Required Slack app setup:
- Bot scopes:
links:read, links:write, links.embed:write
- Event subscription:
link_shared
- App unfurl domains: the public Clips share domain, for example
clips.agent-native.com
- Request URL:
https://<clips-host>/api/slack/unfurl
Agent-readable public clips
Public recordings also expose URLs meant for external agents:
| Endpoint | Meaning |
|---|
/api/agent-context.json?id=<recordingId> | Clip metadata, transcript summary, recommended frames, and API discovery links |
/api/agent-transcript.json?id=<recordingId> | Timestamped transcript segments with startMs, endMs, timestamp, range, text, and optional source |
/api/agent-frame.jpg?id=<recordingId>&atMs=<ms> | JPEG frame extracted from the video at the requested original-video timestamp |
These endpoints follow the same access model as /api/public-recording:
- Non-public clips return not found to anonymous callers.
- Expired clips return expired.
- Password-protected clips require
password=<pw> once; successful JSON
responses include short-lived tokenized links so the plaintext password is not
copied into downstream agent prompts, browser history, or logs.
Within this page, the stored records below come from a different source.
lemma interleave_less_M: "(u, v) \<in> SA \<Longrightarrow> j < 4 * n \<Longrightarrow> interleave u v j < M"
  unfolding interleave_def using slot_less_M SA_in_A by auto

definition "merged u v = (\<lambda>j. H_nth (interleave u v j)) ` {..<4 * n}"

lemma sorted_list_of_merged:
  assumes "(u, v) \<in> SA" "pos u < pos v"
  shows "sorted_list_of_set (merged u v) = map (\<lambda>j. H_nth (interleave u v j)) [0..<4 * n]"
  unfolding merged_def
  by (rule sorted_list_of_set_image_strict_mono)
    (use interleave_mono[OF assms] interleave_less_M[OF assms(1)] H_nth_mono in auto)

lemma evens_odds_merged:
  assumes "(u, v) \<in> SA" "pos u < pos v"
  shows "evens (merged u v) = code u" "odds (merged u v) = code v"
  unfolding evens_def odds_def code_def sorted_list_of_merged[OF assms] interleave_def by auto

lemma merged_nsets:
  assumes "(u, v) \<in> SA" "pos u < pos v"
  shows "merged u v \<in> nsets H (4 * n)"
proof -
  have "inj_on (\<lambda>j. H_nth (interleave u v j)) {..<4 * n}"
    using interleave_mono[OF assms] interleave_less_M[OF assms(1)] H_nth_mono
    by (intro inj_onI) (metis lessThan_iff nat_neq_iff order_less_irrefl)
  then have "card (merged u v) = 4 * n" unfolding merged_def by (simp add: card_image)
  moreover have "merged u v \<subseteq> H"
    unfolding merged_def using H_nth_in interleave_less_M[OF assms(1)] by auto
  ultimately show ?thesis unfolding nsets_def merged_def by auto
qed

lemma RB_embed_vertex_iff_D:
  assumes "(u, v) \<in> SA" "pos u < pos v"
  shows "(embed_vertex u, embed_vertex v) \<in> RB \<longleftrightarrow> u \<in> D"
proof -
  have "ascending_labels (merged u v) = D"
    unfolding D_def by (rule ascending_labels_homogeneous[OF merged_nsets[OF assms] initial_segment_nsets])
  moreover have "column v = column u" "part_rep v = part_rep u" "u \<in> A"
    using column_same_part part_rep_eq_iff SA_in_A assms by metis+
  ultimately show ?thesis
    unfolding ascending_labels_def embed_vertex_def evens_odds_merged[OF assms] by auto
qed

lemma selects_code_iff:
  assumes uv: "u \<in> A" "v \<in> A" "(u, v) \<notin> SA" and l: "l \<in> part u"
  shows "selects l (code u) (code v) \<longleftrightarrow> l = u"
proof -
  have ul: "(u, l) \<in> SA" using l unfolding part_def by simp
  then have lA: "l \<in> A" using SA_in_A by blast
  have vl: "(v, l) \<notin> SA" using ul uv SA_sym SA_trans by blast
  define b where "b = 2 * vertex_index l"
  have b: "b < 2 * n" "b + 1 < 2 * n" using vertex_index_less_n[OF lA] unfolding b_def by auto
  have coord: "coord_vertex b = l" "coord_vertex (b + 1) = l" "b mod 2 = 0" "(b + 1) mod 2 = 1"
    using coord_vertex_index[OF lA] unfolding b_def by auto
  let ?r = "pos v * n + vertex_index v"
  have r: "?r < G" using tiebreak_less_G[OF uv(2)] .
  have "selects l (code u) (code v) \<longleftrightarrow>
      H_nth (slot v b) < H_nth (slot u b) \<and> H_nth (slot u (b + 1)) < H_nth (slot v (b + 1))"
    unfolding selects_def b_def[symmetric] using b nth_code by simp
  also have "\<dots> \<longleftrightarrow> slot v b < slot u b \<and> slot u (b + 1) < slot v (b + 1)"
    using H_nth_less_iff slot_less_M uv b by simp
  also have "\<dots> \<longleftrightarrow> key l 0 v < key l 0 u \<and> key l 1 u < key l 1 v"
    unfolding slot_def coord by simp
  also have "\<dots> \<longleftrightarrow> (2 * pos l + 0) * G + ?r < (2 * pos u + 1) * G + 0
      \<and> (2 * pos u + 1) * G + 0 < (2 * pos l + 2) * G + ?r"
    unfolding key_def using ul vl by simp
  also have "\<dots> \<longleftrightarrow> pos l = pos u"
    unfolding mult_add_less_mult_add_iff[OF r G_pos] mult_add_less_mult_add_iff[OF G_pos r]
    by presburger
  also have "\<dots> \<longleftrightarrow> l = u" using pos_inj_on_part ul SA_sym by blast
  finally show ?thesis .
qed

lemma decode_code:
  assumes "u \<in> A" "v \<in> A" "(u, v) \<notin> SA"
  shows "decodable (part_rep u) (code u) (code v) \<and> decode (part_rep u) (code u) (code v) = u"
proof -
  have "part (part_rep u) = part u" using part_eq SA_part_rep SA_sym assms by metis
  then have "l \<in> part (part_rep u) \<and> selects l (code u) (code v) \<longleftrightarrow> l = u" for l
    using selects_code_iff[OF assms] part_self[OF assms(1)] by blast
  then show ?thesis unfolding decodable_def decode_def by simp
qed

lemma code_neq:
  assumes "(u, v) \<in> SA" "u \<noteq> v"
  shows "code u \<noteq> code v"
proof -
  have uv: "u \<in> A" "v \<in> A" using SA_in_A[OF assms(1)] by auto
  have vu: "(v, u) \<in> SA" using SA_sym assms(1) by blast
  have "pos u \<noteq> pos v" using pos_inj_on_part assms by blast
  then have "slot u 0 \<noteq> slot v 0"
    using slot_mono_in_part[OF assms(1)] slot_mono_in_part[OF vu] by (metis less_irrefl nat_neq_iff)
  moreover have "0 < 2 * n" using n_pos by simp
  ultimately have "code u ! 0 \<noteq> code v ! 0"
    using nth_code H_nth_less_iff slot_less_M uv by (metis less_irrefl nat_neq_iff)
  then show ?thesis by auto
qed

lemma RB_embed_vertex_in_part:
  assumes "(u, v) \<in> SA"
  shows "(u, v) \<in> RA \<longleftrightarrow> (embed_vertex u, embed_vertex v) \<in> RB"
proof (cases "u = v")
  case True
  then show ?thesis
    using strict_linear_order_on_asym[OF order_A] strict_linear_order_on_asym[OF order_B] by blast
next
  case False
  have vu: "(v, u) \<in> SA" using SA_sym assms by blast
  have "embed_vertex u \<noteq> embed_vertex v" using code_neq[OF assms False] unfolding embed_vertex_def by simp
  then have total_B: "(embed_vertex u, embed_vertex v) \<in> RB \<or> (embed_vertex v, embed_vertex u) \<in> RB"
    using order_B embed_vertex_in_B SA_in_A[OF assms] unfolding strict_linear_order_on_def by blast
  have "pos u \<noteq> pos v" using pos_inj_on_part assms False by blast
  then consider "pos u < pos v" | "pos v < pos u" by linarith
  then show ?thesis
  proof cases
    case 1
    then show ?thesis using pos_less_iff[OF assms] RB_embed_vertex_iff_D[OF assms 1]
      strict_linear_order_on_asym[OF order_A] by (cases "u \<in> D") blast+
  next
    case 2
    then show ?thesis using pos_less_iff[OF vu] RB_embed_vertex_iff_D[OF vu 2] D_same_part[OF vu]
      strict_linear_order_on_asym[OF order_A] strict_linear_order_on_asym[OF order_B] total_B
      by (cases "v \<in> D") blast+
  qed
qed

lemma embedding_embed_vertex: "embedding embed_vertex A EA RA B EB RB"
  unfolding embedding_def
proof (intro conjI ballI)
  show "embed_vertex ` A \<subseteq> B" using embed_vertex_in_B by auto
  show "inj_on embed_vertex A"
  proof (rule inj_onI)
    fix u v assume uv: "u \<in> A" "v \<in> A" "embed_vertex u = embed_vertex v"
    then have "(u, v) \<in> SA" "code u = code v"
      using part_rep_eq_iff unfolding embed_vertex_def by auto
    then show "u = v" using code_neq by blast
  qed
next
  fix u v assume uv: "u \<in> A" "v \<in> A"
  show "(u, v) \<in> EA \<longleftrightarrow> (embed_vertex u, embed_vertex v) \<in> EB"
  proof (cases "(u, v) \<in> SA")
    case True
    then show ?thesis
      using column_same_part K_omega_no_edge_in_part[OF K_omega_A True] embed_vertex_in_B uv
      unfolding EB_def by auto
  next
    case False
    have vu: "(v, u) \<notin> SA" using False SA_sym by blast
    have "(part_rep u, part_rep v) \<notin> SA" using False SA_part_rep SA_sym SA_trans uv by metis
    then have "code_edge (column u, part_rep u, code u) (column v, part_rep v, code v) \<longleftrightarrow> (u, v) \<in> EA"
      using column_other_part[OF uv False] decode_code[OF uv False] decode_code[OF uv(2,1) vu] by simp
    then show ?thesis using embed_vertex_in_B uv unfolding EB_def by auto
  qed
  show "(u, v) \<in> RA \<longleftrightarrow> (embed_vertex u, embed_vertex v) \<in> RB"
  proof (cases "(u, v) \<in> SA")
    case True
    then show ?thesis by (rule RB_embed_vertex_in_part)
  next
    case False
    have "column u \<noteq> column v" "column u < k" "column v < k" using column_other_part[OF uv False] column_spec uv by auto
    then have "(embed_vertex u, embed_vertex v) \<in> RB \<longleftrightarrow> (column_base (column u), column_base (column v)) \<in> RB"
      using RB_columns embed_vertex_in_B uv by auto
    then show ?thesis using column_other_part[OF uv False] by simp
  qed
qed

end

lemma embedding_from_empty: "embedding f {} E R V' E' R'"
  unfolding embedding_def by simp

theorem theorem8p5:
  shows "expansion_property (K_omega :: nat set \<Rightarrow> _) K_omega_star"
  unfolding expansion_property_def
proof (intro allI impI)
  fix A :: "nat set" and EA assume K_omega_A: "K_omega A EA"
  show "\<exists>(B :: nat set) EB. K_omega B EB \<and> (\<forall>RA RB. K_omega_star A EA RA \<and> K_omega_star B EB RB \<longrightarrow>
           (\<exists>f. embedding f A EA RA B EB RB))"
  proof (cases "A = {}")
    case True
    then show ?thesis using K_omega_empty embedding_from_empty by blast
  next
    case False
    obtain N :: nat where ramsey_N:
        "partn_lst {..<N} (replicate (card (Pow A)) (homog_size (card A))) (4 * card A)"
      using ramsey_full by blast
    interpret multipartite_code A EA N using K_omega_A by unfold_locales
    have "\<exists>f. embedding f A EA RA B EB RB"
      if "K_omega_star A EA RA" "K_omega_star B EB RB" for RA RB
    proof -
      interpret code_embedding A EA N RA RB
        by (rule code_embedding.intro[OF multipartite_code_axioms],
            rule code_embedding_axioms.intro[OF False ramsey_N that])
      show ?thesis using embedding_embed_vertex by blast
    qed
    then show ?thesis using K_omega_B by blast
  qed
qed

end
- Frame extraction must use the checked recording media path and must not expose
raw provider URLs.
The share popover's "Share with agents" field should copy the agent context URL,
not raw transcript text. The context response points agents at the transcript and
frame APIs so they can fetch only the visual context they need.
View counting
A view counts when any of these is true:
- The viewer has watched ≥ 5 seconds of total real playback time
- The viewer has hit ≥ 75% completion
- The viewer has scrubbed to the very end
The canonical predicate is shouldCountView(totalWatchMs, completedPct, scrubbedToEnd) from server/lib/recordings.ts. Always go through it — do not recompute inline.
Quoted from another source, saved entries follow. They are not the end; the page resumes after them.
(* Let $\mathcal V$ be a finite set, $2\le k\le|\mathcal V|-2$, let $\Gamma\subset\binom{\mathcal V}{k}$ be a code, and suppose that $\Gamma$ is $G$-strongly incidence-transitive with $G\le{\rm Aut}(\Gamma)\cap{\rm Sym}(\mathcal V)$. Let $\gamma\in\Gamma$, and suppose that $G_\gamma<H<G$ with $H$ transitive on $\mathcal V$ and leaving invariant a non-trivial partition $\Pi$ of $\mathcal V$. Then $\gamma$ is a union of some of the blocks of $\Pi$.
   Context: A code is a proper non-empty subset of $\binom{\mathcal V}{k}$, the $k$-subsets of $\mathcal V$ (vertices of the Johnson graph, adjacent iff meeting in $k-1$ points); ${\rm Aut}(\Gamma)$ is its setwise stabiliser in the automorphism group of the Johnson graph. $\Gamma$ is $G$-strongly incidence-transitive if $G$ is transitive on $\Gamma$ and, for $\gamma\in\Gamma$, $G_\gamma$ is transitive on $\gamma\times(\mathcal V\setminus\gamma)$. *)

theory Defs
  imports "HOL-Algebra.Bij" "HOL-Library.Disjoint_Sets"
begin

definition ksubsets :: "'a set \<Rightarrow> nat \<Rightarrow> 'a set set" where
  "ksubsets V k = {A. A \<subseteq> V \<and> card A = k}"

definition is_code :: "'a set \<Rightarrow> nat \<Rightarrow> 'a set set \<Rightarrow> bool" where
  "is_code V k \<Gamma> \<longleftrightarrow> \<Gamma> \<subseteq> ksubsets V k \<and> \<Gamma> \<noteq> {} \<and> \<Gamma> \<noteq> ksubsets V k"

definition set_stab :: "('a \<Rightarrow> 'a) set \<Rightarrow> 'a set \<Rightarrow> ('a \<Rightarrow> 'a) set" where
  "set_stab G A = {g \<in> G. g ` A = A}"

definition strongly_incidence_transitive ::
  "'a set \<Rightarrow> ('a \<Rightarrow> 'a) set \<Rightarrow> 'a set set \<Rightarrow> bool" where
  "strongly_incidence_transitive V G \<Gamma> \<longleftrightarrow>
     (\<forall>\<gamma>1\<in>\<Gamma>. \<forall>\<gamma>2\<in>\<Gamma>. \<exists>g\<in>G. g ` \<gamma>1 = \<gamma>2) \<and>
     (\<forall>\<gamma>\<in>\<Gamma>. \<forall>a\<in>\<gamma>. \<forall>b\<in>V - \<gamma>. \<forall>c\<in>\<gamma>. \<forall>d\<in>V - \<gamma>.
        \<exists>g\<in>set_stab G \<gamma>. g a = c \<and> g b = d)"

definition transitive_on :: "'a set \<Rightarrow> ('a \<Rightarrow> 'a) set \<Rightarrow> bool" where
  "transitive_on V H \<longleftrightarrow> (\<forall>x\<in>V. \<forall>y\<in>V. \<exists>h\<in>H. h x = y)"

definition nontrivial_partition :: "'a set \<Rightarrow> 'a set set \<Rightarrow> bool" where
  "nontrivial_partition V P \<longleftrightarrow> partition_on V P \<and> P \<noteq> {V} \<and> P \<noteq> (\<lambda>x. {x}) ` V"

end

theory Submission
  imports Defs
begin

text \<open>A block meeting both \<open>\<gamma>\<close> and \<open>V - \<gamma>\<close> is carried by the stabiliser of \<open>\<gamma>\<close> onto a block
  containing any prescribed pair of \<open>\<gamma> \<times> (V - \<gamma>)\<close>. Since \<open>\<gamma>\<close> and \<open>V - \<gamma>\<close> are nonempty, any two
  points of \<open>V\<close> are then joined through such pairs, so all of \<open>V\<close> lies in one block and the
  partition is trivial. Hence every block meeting \<open>\<gamma>\<close> lies inside \<open>\<gamma>\<close>. Note that only the
  inclusion \<open>G\<^sub>\<gamma> \<subseteq> H\<close> and the \<open>H\<close>-invariance of the partition are needed.\<close>

lemma partition_on_block_unique:
  assumes "partition_on V P" "B1 \<in> P" "B2 \<in> P" "x \<in> B1" "x \<in> B2"
  shows "B1 = B2"
  using assms partition_onD2 disjointD by blast

lemma straddling_block_spreads:
  assumes pair_transitive: "\<forall>a\<in>\<gamma>. \<forall>b\<in>V - \<gamma>. \<forall>c\<in>\<gamma>. \<forall>d\<in>V - \<gamma>. \<exists>g\<in>K. g a = c \<and> g b = d"
    and inv: "\<forall>g\<in>K. \<forall>B\<in>P. g ` B \<in> P"
    and B: "B \<in> P" "a \<in> B" "a \<in> \<gamma>" "b \<in> B" "b \<in> V - \<gamma>"
    and cd: "c \<in> \<gamma>" "d \<in> V - \<gamma>"
  shows "\<exists>B'\<in>P. c \<in> B' \<and> d \<in> B'"
proof -
  obtain g where "g \<in> K" "g a = c" "g b = d"
    using pair_transitive B cd by blast
  moreover from \<open>g \<in> K\<close> have "g ` B \<in> P"
    using inv B(1) by blast
  ultimately show ?thesis
    using B(2,4) by blast
qed

lemma partition_on_single_block_if_crossing_pairs_joined:
  assumes part: "partition_on V P"
    and ne: "\<gamma> \<inter> V \<noteq> {}" "V - \<gamma> \<noteq> {}"
    and joined: "\<And>c d. c \<in> \<gamma> \<Longrightarrow> d \<in> V - \<gamma> \<Longrightarrow> \<exists>B\<in>P. c \<in> B \<and> d \<in> B"
  shows "P = {V}"
proof -
  obtain c0 d0 where c0: "c0 \<in> \<gamma>" "c0 \<in> V" and d0: "d0 \<in> V - \<gamma>"
    using ne by blast
  obtain B0 where B0: "B0 \<in> P" "c0 \<in> B0" "d0 \<in> B0"
    using joined c0 d0 by blast
  have "x \<in> B0" if x: "x \<in> V" for x
  proof (cases "x \<in> \<gamma>")
    case True
    then obtain B where "B \<in> P" "x \<in> B" "d0 \<in> B"
      using joined d0 by blast
    then show ?thesis
      using partition_on_block_unique[OF part _ B0(1)] B0(3) by blast
  next
    case False
    then obtain B where "B \<in> P" "c0 \<in> B" "x \<in> B"
      using joined c0(1) x by blast
    then show ?thesis
      using partition_on_block_unique[OF part _ B0(1)] B0(2) by blast
  qed
  then have V_eq: "B0 = V"
    using B0(1) partition_onD1[OF part] by blast
  have "B = V" if B: "B \<in> P" for B
  proof -
    obtain y where "y \<in> B"
      using B partition_onD3[OF part] by (metis ex_in_conv)
    then show ?thesis
      using partition_on_block_unique[OF part B B0(1)] partition_onD1[OF part] B V_eq
      by blast
  qed
  then show ?thesis
    using B0(1) V_eq by blast
qed

lemma partition_on_Union_of_blocks:
  assumes part: "partition_on V P" and "\<gamma> \<subseteq> V"
    and closed: "\<And>B. B \<in> P \<Longrightarrow> B \<inter> \<gamma> \<noteq> {} \<Longrightarrow> B \<subseteq> \<gamma>"
  shows "\<gamma> = \<Union>{B\<in>P. B \<subseteq> \<gamma>}"
proof
  show "\<gamma> \<subseteq> \<Union>{B\<in>P. B \<subseteq> \<gamma>}"
  proof
    fix x assume "x \<in> \<gamma>"
    then obtain B where "B \<in> P" "x \<in> B"
      using \<open>\<gamma> \<subseteq> V\<close> partition_onD1[OF part] by blast
    with \<open>x \<in> \<gamma>\<close> closed show "x \<in> \<Union>{B\<in>P. B \<subseteq> \<gamma>}"
      by blast
  qed
qed blast

lemma invariant_partition_blocks_inside_or_outside:
  assumes part: "partition_on V P" and nontriv: "P \<noteq> {V}"
    and ne: "\<gamma> \<inter> V \<noteq> {}" "V - \<gamma> \<noteq> {}"
    and pair_transitive: "\<forall>a\<in>\<gamma>. \<forall>b\<in>V - \<gamma>. \<forall>c\<in>\<gamma>. \<forall>d\<in>V - \<gamma>. \<exists>g\<in>K. g a = c \<and> g b = d"
    and inv: "\<forall>g\<in>K. \<forall>B\<in>P. g ` B \<in> P"
    and B: "B \<in> P" "B \<inter> \<gamma> \<noteq> {}"
  shows "B \<subseteq> \<gamma>"
proof (rule ccontr)
  assume "\<not> B \<subseteq> \<gamma>"
  then obtain a b where "a \<in> B" "a \<in> \<gamma>" "b \<in> B" "b \<notin> \<gamma>"
    using B(2) by blast
  moreover have "b \<in> V"
    using \<open>b \<in> B\<close> B(1) partition_onD1[OF part] by blast
  ultimately have "P = {V}"
    using partition_on_single_block_if_crossing_pairs_joined[OF part ne]
      straddling_block_spreads[OF pair_transitive inv B(1)] by blast
  with nontriv show False ..
qed

theorem lemma5p2:
  fixes V :: "'a set" and k :: nat and \<Gamma> :: "'a set set"
    and G H :: "('a \<Rightarrow> 'a) set" and \<gamma> :: "'a set" and P :: "'a set set"
  assumes "finite V"
    and "2 \<le> k" and "k + 2 \<le> card V"
    and "is_code V k \<Gamma>"
    and "subgroup G (BijGroup V)"
    and "\<forall>g\<in>G. (\<lambda>A. g ` A) ` \<Gamma> = \<Gamma>"
    and "strongly_incidence_transitive V G \<Gamma>"
    and "\<gamma> \<in> \<Gamma>"
    and "subgroup H (BijGroup V)"
    and "set_stab G \<gamma> \<subset> H" and "H \<subset> G"
    and "transitive_on V H"
    and "nontrivial_partition V P"
    and "\<forall>h\<in>H. \<forall>B\<in>P. h ` B \<in> P"
  shows "\<exists>S\<subseteq>P. \<gamma> = \<Union>S"
proof -
  have "\<gamma> \<subseteq> V" and card_\<gamma>: "card \<gamma> = k"
    using assms(4,8) unfolding is_code_def ksubsets_def by auto
  have "card (V - \<gamma>) = card V - k"
    using assms(1) \<open>\<gamma> \<subseteq> V\<close> card_\<gamma> card_Diff_subset finite_subset by metis
  then have "V - \<gamma> \<noteq> {}"
    using assms(3) by (intro notI) simp
  moreover have "\<gamma> \<noteq> {}"
    using card_\<gamma> assms(2) by auto
  ultimately have ne: "\<gamma> \<inter> V \<noteq> {}" "V - \<gamma> \<noteq> {}"
    using \<open>\<gamma> \<subseteq> V\<close> by blast+
  have part: "partition_on V P" and "P \<noteq> {V}"
    using assms(13) unfolding nontrivial_partition_def by auto
  have "\<forall>\<gamma>\<in>\<Gamma>. \<forall>a\<in>\<gamma>. \<forall>b\<in>V - \<gamma>. \<forall>c\<in>\<gamma>. \<forall>d\<in>V - \<gamma>.
      \<exists>g\<in>set_stab G \<gamma>. g a = c \<and> g b = d"
    using assms(7) unfolding strongly_incidence_transitive_def by (rule conjunct2)
  then have pair_transitive: "\<forall>a\<in>\<gamma>. \<forall>b\<in>V - \<gamma>. \<forall>c\<in>\<gamma>. \<forall>d\<in>V - \<gamma>.
      \<exists>g\<in>set_stab G \<gamma>. g a = c \<and> g b = d"
    using assms(8) by (rule bspec)
  have "set_stab G \<gamma> \<subseteq> H"
    using assms(10) by (rule psubset_imp_subset)
  then have inv: "\<forall>g\<in>set_stab G \<gamma>. \<forall>B\<in>P. g ` B \<in> P"
    using assms(14) by blast
  have "B \<subseteq> \<gamma>" if "B \<in> P" "B \<inter> \<gamma> \<noteq> {}" for B
    using invariant_partition_blocks_inside_or_outside[OF part \<open>P \<noteq> {V}\<close> ne pair_transitive inv that] .
  then have "\<gamma> = \<Union>{B\<in>P. B \<subseteq> \<gamma>}"
    by (rule partition_on_Union_of_blocks[OF part \<open>\<gamma> \<subseteq> V\<close>])
  moreover have "{B\<in>P. B \<subseteq> \<gamma>} \<subseteq> P"
    by blast
  ultimately show ?thesis
    by blast
qed

end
import { shouldCountView } from "../server/lib/recordings.js";
if (
!viewer.countedView &&
shouldCountView(viewer.totalWatchMs, viewer.completedPct, scrubbedToEnd)
) {
await db
.update(schema.recordingViewers)
.set({ countedView: true })
.where(eq(schema.recordingViewers.id, viewer.id));
}
Events feeding this live in recording_events. The /api/view-events route receives view-start, watch-progress (every 5s), seek, pause, resume, cta-click, reaction. Aggregate into recording_viewers on write to keep get-insights fast.
Anonymous viewers
recording_viewers.viewer_email is nullable — anonymous viewers (public link, no account) still get a row keyed by a cookie id. Never require login to watch a public recording; require it only when the share grant is user-scoped.
Rules
- Never write to
recording_shares directly. Always go through share-resource / unshare-resource.
- Never store a plaintext password. Use bcrypt on write; bcrypt-compare on read.
- Never bypass the access check on
/api/video/:id. Streaming routes are the #1 data-leak vector.
- Password + expiry are additions, not replacements — the framework's
accessFilter still runs first.
- The embed route (
/embed/:shareId) is anonymous by default — don't require auth, but still go through canAccess.
build-embed-url is the single source of truth for embed URLs — keep it in sync with the query params the player accepts.
Related skills
sharing — framework-level primitive Clips composes with. Read this first.
security — password handling, token storage, anonymous viewer cookies.
video-editing — exports honor recordings.enableDownloads.
storing-data — why password / expiresAt live on the recordings row instead of a parallel table.